RECORDED DATA Start Marker

lemma eventually_uniform_if_equicontinuous:
  fixes f :: "'i \<Rightarrow> 'a::metric_space \<Rightarrow> 'b::real_normed_vector"
  assumes "compact K" "F \<noteq> bot"
    and equicont: "\<And>\<epsilon>. \<epsilon> > 0 \<Longrightarrow> \<exists>\<delta>>0. eventually (\<lambda>n. \<forall>s\<in>K. \<forall>t\<in>K.
            dist s t < \<delta> \<longrightarrow> norm (f n s - f n t) < \<epsilon>) F"
    and lim: "\<And>x. x \<in> K \<Longrightarrow> ((\<lambda>n. f n x) \<longlongrightarrow> h x) F"
    and "\<epsilon> > 0"
  shows "eventually (\<lambda>n. \<forall>x\<in>K. norm (f n x - h x) < \<epsilon>) F"
proof -
  define e where "e = \<epsilon> / 3"
  have "e > 0" using \<open>\<epsilon> > 0\<close> unfolding e_def by simp
  then obtain \<delta> where "\<delta> > 0" and close: "eventually (\<lambda>n. \<forall>s\<in>K. \<forall>t\<in>K.
      dist s t < \<delta> \<longrightarrow> norm (f n s - f n t) < e) F"
    using equicont by blast
  have lim_close: "norm (h s - h t) \<le> e" if "s \<in> K" "t \<in> K" "dist s t < \<delta>" for s t
  proof (rule Lim_norm_ubound)
    show "((\<lambda>n. f n s - f n t) \<longlongrightarrow> h s - h t) F" using that by (intro tendsto_diff lim)
    show "eventually (\<lambda>n. norm (f n s - f n t) \<le> e) F"
      using close by eventually_elim (meson that less_imp_le)
  qed (use \<open>F \<noteq> bot\<close> in \<open>simp add: trivial_limit_def\<close>)
  have "K \<subseteq> (\<Union>t\<in>K. ball t \<delta>)" using \<open>\<delta> > 0\<close> by auto
  then obtain T where T: "T \<subseteq> K" "finite T" "K \<subseteq> (\<Union>t\<in>T. ball t \<delta>)"
    by (metis compactE_image open_ball \<open>compact K\<close>)
  have "eventually (\<lambda>n. \<forall>t\<in>T. norm (f n t - h t) < e) F"
    using T lim \<open>e > 0\<close> by (intro eventually_ball_finite) (auto simp: tendsto_iff dist_norm)
  with close show ?thesis
  proof eventually_elim
    case (elim n)
    show ?case
    proof
      fix x assume "x \<in> K"
      then obtain t where t: "t \<in> T" "dist t x < \<delta>" using T(3) by auto
      have "norm (f n x - f n t) < e" using elim t T(1) \<open>x \<in> K\<close> by (metis dist_commute subsetD)
      moreover have "norm (f n t - h t) < e" using elim t(1) by blast
      moreover have "norm (h t - h x) \<le> e" using lim_close t T(1) \<open>x \<in> K\<close> by blast
      ultimately have "norm (f n x - h x) < 3 * e"
        using norm_diff_triangle3[of "f n x" "h x" "f n t" "h t"] by linarith
      then show "norm (f n x - h x) < \<epsilon>" unfolding e_def by simp
    qed
  qed
qed

lemma equicontinuous_if_eventually_uniform:
  fixes f :: "'i \<Rightarrow> 'a::metric_space \<Rightarrow> 'b::real_normed_vector"
  assumes "compact K" "F \<noteq> bot"
    and cont: "\<And>n. continuous_on K (f n)"
    and unif: "\<And>\<epsilon>. \<epsilon> > 0 \<Longrightarrow> eventually (\<lambda>n. \<forall>x\<in>K. norm (f n x - h x) < \<epsilon>) F"
    and "\<epsilon> > 0"
  shows "\<exists>\<delta>>0. eventually (\<lambda>n. \<forall>s\<in>K. \<forall>t\<in>K.
            dist s t < \<delta> \<longrightarrow> norm (f n s - f n t) < \<epsilon>) F"
proof -
  define e where "e = \<epsilon> / 5"
  have "e > 0" using \<open>\<epsilon> > 0\<close> unfolding e_def by simp
  then obtain m where m: "\<forall>x\<in>K. norm (f m x - h x) < e"
    using eventually_happens'[OF \<open>F \<noteq> bot\<close> unif] by blast
  have "uniformly_continuous_on K (f m)"
    using compact_uniformly_continuous cont \<open>compact K\<close> by blast
  then obtain \<delta> where "\<delta> > 0"
    and \<delta>: "\<And>t s. t \<in> K \<Longrightarrow> s \<in> K \<Longrightarrow> dist s t < \<delta> \<Longrightarrow> dist (f m s) (f m t) < e"
    using \<open>e > 0\<close> by (rule uniformly_continuous_onE) blast
  have "eventually (\<lambda>n. \<forall>s\<in>K. \<forall>t\<in>K. dist s t < \<delta> \<longrightarrow> norm (f n s - f n t) < \<epsilon>) F"
    using unif[OF \<open>e > 0\<close>]
  proof eventually_elim
    case (elim n)
    show ?case
    proof (intro ballI impI)
      fix s t assume st: "s \<in> K" "t \<in> K" "dist s t < \<delta>"
      have "norm (h s - f m s) < e" "norm (f m t - h t) < e"
        using m st(1,2) by (simp_all add: norm_minus_commute)
      moreover have "norm (f m s - f m t) < e" using \<delta>[of t s] st by (simp add: dist_norm)
      ultimately have "norm (h s - h t) < 3 * e"
        using norm_diff_triangle3[of "h s" "h t" "f m s" "f m t"] by linarith
      moreover have "norm (f n s - h s) < e" "norm (h t - f n t) < e"
        using elim st(1,2) by (simp_all add: norm_minus_commute)
      ultimately show "norm (f n s - f n t) < \<epsilon>"
        using norm_diff_triangle3[of "f n s" "f n t" "h s" "h t"] unfolding e_def by linarith
    qed
  qed
  with \<open>\<delta> > 0\<close> show ?thesis by blast
qed
theorem proposition1:
  fixes \<psi> :: "nat \<Rightarrow> nat \<Rightarrow> config \<Rightarrow> complex"
    and hbar m :: real
    and X :: mpt
  assumes hbar: "hbar > 0"
    and C1: "\<And>a b. a < 2 \<Longrightarrow> b < 2 \<Longrightarrow> C1_on spacelike (\<psi> a b)"
    and eq_ph: "\<And>p i j k. p \<in> spacelike \<Longrightarrow> i < 2 \<Longrightarrow> j < 2 \<Longrightarrow> k < 2 \<Longrightarrow>
                  - \<i> * complex_of_real hbar * Dph \<psi> p i j k = 0"
    and eq_el: "\<And>p i j k. p \<in> spacelike \<Longrightarrow> i < 2 \<Longrightarrow> j < 2 \<Longrightarrow> k < 2 \<Longrightarrow>
                  - \<i> * complex_of_real hbar * Del \<psi> p i j k
                  + complex_of_real m * Psi \<psi> p i j k = 0"
  shows "\<forall>p\<in>spacelike.
           (\<forall>\<nu><2. (\<Sum>\<mu><2. pdiff (jX \<psi> X \<mu> \<nu>) p (eph \<mu>)) = 0) \<and>
           (\<forall>\<mu><2. (\<Sum>\<nu><2. pdiff (jX \<psi> X \<mu> \<nu>) p (eel \<nu>)) = 0)"
proof
  fix p assume p: "p \<in> spacelike"
  have diff: "\<psi> a b differentiable (at p)" if "a < 2" "b < 2" for a b
    using C1[OF that] p by (rule C1_on_imp_differentiable)
  have free: "Dph \<psi> p i j k = 0" if "i < 2" "j < 2" "k < 2" for i j k
    using eq_ph[OF p that] hbar by simp
  have photon: "pdiff (\<psi> a b) p (nullvec a, 0) = 0" if "a < 2" "b < 2" for a b
    using free_photon_eq_lightcone[of \<psi> p, OF diff free that] .
  have electron:
    "pdiff (\<psi> a b) p (0, nullvec b) = - \<i> * complex_of_real (m / hbar) * \<psi> a (1 - b) p"
    if "a < 2" "b < 2" for a b
    using dirac_eq_lightcone[of \<psi> p, OF diff _ eq_el[OF p] that] hbar by simp
  show "(\<forall>\<nu><2. (\<Sum>\<mu><2. pdiff (jX \<psi> X \<mu> \<nu>) p (eph \<mu>)) = 0) \<and>
        (\<forall>\<mu><2. (\<Sum>\<nu><2. pdiff (jX \<psi> X \<mu> \<nu>) p (eel \<nu>)) = 0)"
    using jX_photon_divergence_free[of \<psi> p, OF diff photon]
      jX_electron_divergence_free[of \<psi> p, OF diff electron] by blast
qed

RECORDED DATA End Marker

TO DO: Find each line in the material above that carries the string "metis", and copy it.

WRITTEN SOLUTION:
    by (metis compactE_image open_ball \<open>compact K\<close>)
      have "norm (f n x - f n t) < e" using elim t T(1) \<open>x \<in> K\<close> by (metis dist_commute subsetD)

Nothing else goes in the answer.